(Beginning of DATA)

(* Let $T\in\mathcal{T}_\pi$ and let $u_1v_1,u_2v_2\in E(T)$ be edges such that the path $P_{v_1v_2}$ contains neither $u_1$ nor $u_2$. Let $T'$ be obtained from $T$ by replacing the edges $u_1v_1$ and $u_2v_2$ by the edges $u_1v_2$ and $u_2v_1$. Then $T'$ is a tree and $T'\in\mathcal{T}_\pi$. Furthermore, for every eigenvector $f$ of $L(T)$ corresponding to $\lambda(T)$: if $|f(u_1)|\ge|f(u_2)|$ and $|f(v_2)|\ge|f(v_1)|$, then $\lambda(T')\ge\lambda(T)$, and the inequality is strict if at least one of $|f(u_1)|\ge|f(u_2)|$, $|f(v_2)|\ge|f(v_1)|$ is strict.
   Context: For a graph $G=(V,E)$ the Laplacian is $L(G)=D(G)-A(G)$ ($D$ the diagonal degree matrix, $A$ the adjacency matrix), and $\lambda(G)$ denotes its largest eigenvalue. $\mathcal{T}_\pi$ is the set of all trees with degree sequence $\pi$. $P_{uv}$ denotes the (unique) path in the tree between vertices $u$ and $v$. *)

theory Defs
  imports Complex_Main "HOL-Library.Multiset"
begin

definition simple_graph :: "'a set \<Rightarrow> 'a set set \<Rightarrow> bool" where
  "simple_graph V E \<longleftrightarrow> finite V \<and>
     (\<forall>e\<in>E. \<exists>u v. e = {u, v} \<and> u \<noteq> v \<and> u \<in> V \<and> v \<in> V)"

fun is_walk :: "'a set set \<Rightarrow> 'a list \<Rightarrow> bool" where
  "is_walk E [] = False"
| "is_walk E [v] = True"
| "is_walk E (u # v # vs) = ({u, v} \<in> E \<and> is_walk E (v # vs))"

definition is_path :: "'a set set \<Rightarrow> 'a list \<Rightarrow> bool" where
  "is_path E p \<longleftrightarrow> is_walk E p \<and> distinct p"

definition connected_graph :: "'a set \<Rightarrow> 'a set set \<Rightarrow> bool" where
  "connected_graph V E \<longleftrightarrow>
     (\<forall>u\<in>V. \<forall>v\<in>V. \<exists>p. is_walk E p \<and> set p \<subseteq> V \<and> hd p = u \<and> last p = v)"

text \<open>A cycle: a path v0 ... vk with k >= 2 together with the closing edge vk v0.\<close>
definition acyclic_graph :: "'a set \<Rightarrow> 'a set set \<Rightarrow> bool" where
  "acyclic_graph V E \<longleftrightarrow>
     \<not> (\<exists>p. is_path E p \<and> set p \<subseteq> V \<and> length p \<ge> 3 \<and> {last p, hd p} \<in> E)"
lemma Inv_W_OG_top_iff:
  assumes w: "w \<in> W_OG k n" and kn: "k \<le> n" and ab: "1 \<le> a" "a < b" "b \<le> k"
  shows "rplus a b \<in> Inv n w \<longleftrightarrow> w b < 0 \<and> (w a < 0 \<or> \<bar>w b\<bar> < w a)"
proof -
  have sp: "signed_perm n w" using W_OG_signed_perm[OF w] .
  have "w a \<noteq> 0" using signed_perm_nonzero[OF sp] ab kn by simp
  then show ?thesis
    using Inv_rplus_iff[OF sp ab(1,2)] W_OG_head_neg[OF w ab] ab kn by auto
qed

lemma Inv_W_OG_top_lower_ideal:
  assumes w: "w \<in> W_OG k n" and kn: "k < n"
  shows "lower_ideal n (top_region k) (Inv n w \<inter> top_region k)"
  unfolding lower_ideal_def
proof (intro conjI ballI impI)
  fix \<beta> \<alpha> assume \<beta>: "\<beta> \<in> Inv n w \<inter> top_region k" and \<alpha>: "\<alpha> \<in> top_region k" and le: "root_le n \<alpha> \<beta>"
  obtain a b where \<alpha>_eq: "\<alpha> = rplus a b" and ab: "1 \<le> a" "a < b" "b \<le> k"
    using \<alpha> unfolding top_region_def by blast
  obtain a' b' where \<beta>_eq: "\<beta> = rplus a' b'" and ab': "1 \<le> a'" "a' < b'" "b' \<le> k"
    using \<beta> unfolding top_region_def by blast
  have "a' \<le> a" "b' \<le> b"
    using root_le_rplus_imp[OF le[unfolded \<alpha>_eq \<beta>_eq]] ab ab' kn by auto
  then have A: "0 < w a \<Longrightarrow> 0 < w a' \<and> w a' \<le> w a" and B: "w b' < 0 \<Longrightarrow> w b < 0 \<and> \<bar>w b\<bar> \<le> \<bar>w b'\<bar>"
    using W_OG_head_pos[OF w, of a' a] W_OG_head_neg[OF w, of b' b] ab ab' by force+
  have "w b' < 0 \<and> (w a' < 0 \<or> \<bar>w b'\<bar> < w a')"
    using \<beta> Inv_W_OG_top_iff[OF w less_imp_le[OF kn] ab'] unfolding \<beta>_eq by blast
  moreover have "w a \<noteq> 0" using signed_perm_nonzero[OF W_OG_signed_perm[OF w]] ab kn by simp
  ultimately have "\<alpha> \<in> Inv n w"
    unfolding \<alpha>_eq Inv_W_OG_top_iff[OF w less_imp_le[OF kn] ab] using A B by force
  then show "\<alpha> \<in> Inv n w \<inter> top_region k" using \<alpha> by simp
qed simp
(* Let $q\ge 2$ and $n\ge 2$ be integers and let $m=n-1$. Under uniform transmission over the $1$-deletion channel with input length $n$, $$\max_{{\boldsymbol y}\in\Sigma_q^{m}} \mathsf{H}^{\mathsf{In}}_{1\text{-}\mathsf{Del}}({\boldsymbol y}) = \log_2(nq)-\frac{2m}{nq},$$ and this maximum is attained only by channel outputs ${\boldsymbol y}$ with $\rho({\boldsymbol y})=m$ runs (i.e., all runs of length one).
   Context: $\Sigma_q=\{0,1,\dots,q-1\}$. For sequences ${\boldsymbol x}$ of length $N$ and ${\boldsymbol y}$ of length $\ell\le N$, the embedding number $\omega_{{\boldsymbol y}}({\boldsymbol x})$ is the number of index tuples $1\le i_1<\dots<i_\ell\le N$ with $x_{i_j}=y_j$ for all $j$. The $k$-deletion channel with input length $n$ maps ${\boldsymbol x}\in\Sigma_q^n$ to ${\boldsymbol y}\in\Sigma_q^{n-k}$ with probability $\Pr\{{\boldsymbol y}\mid{\boldsymbol x}\}=\omega_{{\boldsymbol y}}({\boldsymbol x})/\binom{n}{k}$ (exactly $k$ positions, chosen uniformly among the $\binom nk$ subsets, are deleted). Under uniform transmission, the input $X$ is uniform on $\Sigma_q^n$, and for an output ${\boldsymbol y}$ the input entropy is $\mathsf{H}^{\mathsf{In}}_{k\text{-}\mathsf{Del}}({\boldsymbol y})=H(X\mid Y={\boldsymbol y})=-\sum_{{\boldsymbol x}}P({\boldsymbol x}\mid{\boldsymbol y})\log_2 P({\boldsymbol x}\mid{\boldsymbol y})$ where $P({\boldsymbol x}\mid {\boldsymbol y})=\Pr\{{\boldsymbol y}\mid{\boldsymbol x}\}/\sum_{{\boldsymbol x}'\in\Sigma_q^n}\Pr\{{\boldsymbol y}\mid{\boldsymbol x}'\}$. A run of a sequence is a maximal block of identical consecutive symbols; $\rho({\boldsymbol y})$ is the number of runs of ${\boldsymbol y}$. *)

theory Defs
  imports Complex_Main
begin

definition seqs :: "nat \<Rightarrow> nat \<Rightarrow> nat list set" where
  "seqs q n = {xs. length xs = n \<and> set xs \<subseteq> {..<q}}"

definition emb :: "nat list \<Rightarrow> nat list \<Rightarrow> nat" where
  "emb y x = card {I. I \<subseteq> {..<length x} \<and> card I = length y \<and> nths x I = y}"

definition del_prob :: "nat \<Rightarrow> nat \<Rightarrow> nat list \<Rightarrow> nat list \<Rightarrow> real" where
  "del_prob n k y x = real (emb y x) / real (n choose k)"

definition posterior :: "nat \<Rightarrow> nat \<Rightarrow> nat \<Rightarrow> nat list \<Rightarrow> nat list \<Rightarrow> real" where
  "posterior q n k y x = del_prob n k y x / (\<Sum>x'\<in>seqs q n. del_prob n k y x')"

definition input_entropy :: "nat \<Rightarrow> nat \<Rightarrow> nat \<Rightarrow> nat list \<Rightarrow> real" where
  "input_entropy q n k y =
     - (\<Sum>x\<in>seqs q n. (if posterior q n k y x = 0 then 0
                        else posterior q n k y x * log 2 (posterior q n k y x)))"

definition runs :: "nat list \<Rightarrow> nat" where
  "runs y = length (remdups_adj y)"

end

theory Submission
  imports Defs
begin

text \<open>For y of length m and x of length n = m + 1, the embedding number of y in x counts the
  positions of x whose deletion yields y. These positions form an interval, so their number e(x) is
  the length of a run of x. The pairs (x, position) correspond to the n q single insertions into y,
  so the posterior of x is e(x) / (n q) and the entropy equals log(n q) - (\<Sum>x e(x) log e(x)) / (n q).
  Pairs of adjacent deletion positions of x correspond to doubling one of the m symbols of y, so
  \<Sum>x (e(x) - 1) = m. Since e log e \<ge> 2 (e - 1) for every natural e (logarithms to base 2),
  with equality iff e \<le> 2, the entropy is at most log(n q) - 2 m / (n q), with equality iff no x
  has three deletion positions, which happens iff no two adjacent symbols of y are equal.\<close>

definition del_at :: "nat \<Rightarrow> 'a list \<Rightarrow> 'a list" where
  "del_at j xs = take j xs @ drop (Suc j) xs"

definition ins_at :: "nat \<Rightarrow> 'a \<Rightarrow> 'a list \<Rightarrow> 'a list" where
  "ins_at i a xs = take i xs @ a # drop i xs"

lemma length_del_at: "j < length xs \<Longrightarrow> length (del_at j xs) = length xs - 1"
  by (simp add: del_at_def)

lemma nth_del_at:
  "j < length xs \<Longrightarrow> p < length xs - 1 \<Longrightarrow> del_at j xs ! p = (if p < j then xs ! p else xs ! Suc p)"
  by (auto simp: del_at_def nth_append min_def add.commute)

lemma length_ins_at: "i \<le> length xs \<Longrightarrow> length (ins_at i a xs) = Suc (length xs)"
  by (simp add: ins_at_def)

lemma nth_ins_at:
  assumes "i \<le> length xs" and "p \<le> length xs"
  shows "ins_at i a xs ! p = (if p < i then xs ! p else if p = i then a else xs ! (p - 1))"
proof (cases "p \<le> i")
  case False
  then obtain r where "p = Suc (i + r)"
    by (metis less_imp_Suc_add not_le)
  then show ?thesis
    using assms by (auto simp: ins_at_def nth_append min_def)
qed (use assms in \<open>auto simp: ins_at_def nth_append min_def\<close>)

lemma set_ins_at: "set (ins_at i a xs) \<subseteq> insert a (set xs)"
  unfolding ins_at_def using set_take_subset set_drop_subset by fastforce

lemma nth_ins_at_same [simp]: "i \<le> length xs \<Longrightarrow> ins_at i a xs ! i = a"
  by (simp add: nth_ins_at)

lemma ins_at_Suc_nth: "i < length xs \<Longrightarrow> ins_at (Suc i) (xs ! i) xs = ins_at i (xs ! i) xs"
  by (simp add: ins_at_def take_Suc_conv_app_nth Cons_nth_drop_Suc)

lemma del_at_ins_at: "i \<le> length xs \<Longrightarrow> del_at i (ins_at i a xs) = xs"
  by (simp add: del_at_def ins_at_def)

lemma ins_at_del_at: "j < length xs \<Longrightarrow> ins_at j (xs ! j) (del_at j xs) = xs"
  by (simp add: del_at_def ins_at_def id_take_nth_drop[symmetric] min_def)

lemma nths_Diff_singleton: "j < length xs \<Longrightarrow> nths xs ({..<length xs} - {j}) = del_at j xs"
proof -
  assume j: "j < length xs"
  have "nths (drop (Suc j) xs) {i. Suc (i + j) < length xs} = drop (Suc j) xs"
    by (rule nths_all) auto
  then have "nths (take j xs @ xs ! j # drop (Suc j) xs) ({..<length xs} - {j}) = del_at j xs"
    using j by (simp add: del_at_def nths_append nths_Cons nths_all min_def)
  then show ?thesis
    using j by (simp add: id_take_nth_drop[symmetric])
qed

(End of DATA)

The lines to copy are those above that contain the string "forall".

     (\<forall>e\<in>E. \<exists>u v. e = {u, v} \<and> u \<noteq> v \<and> u \<in> V \<and> v \<in> V)"
     (\<forall>u\<in>V. \<forall>v\<in>V. \<exists>p. is_walk E p \<and> set p \<subseteq> V \<and> hd p = u \<and> last p = v)"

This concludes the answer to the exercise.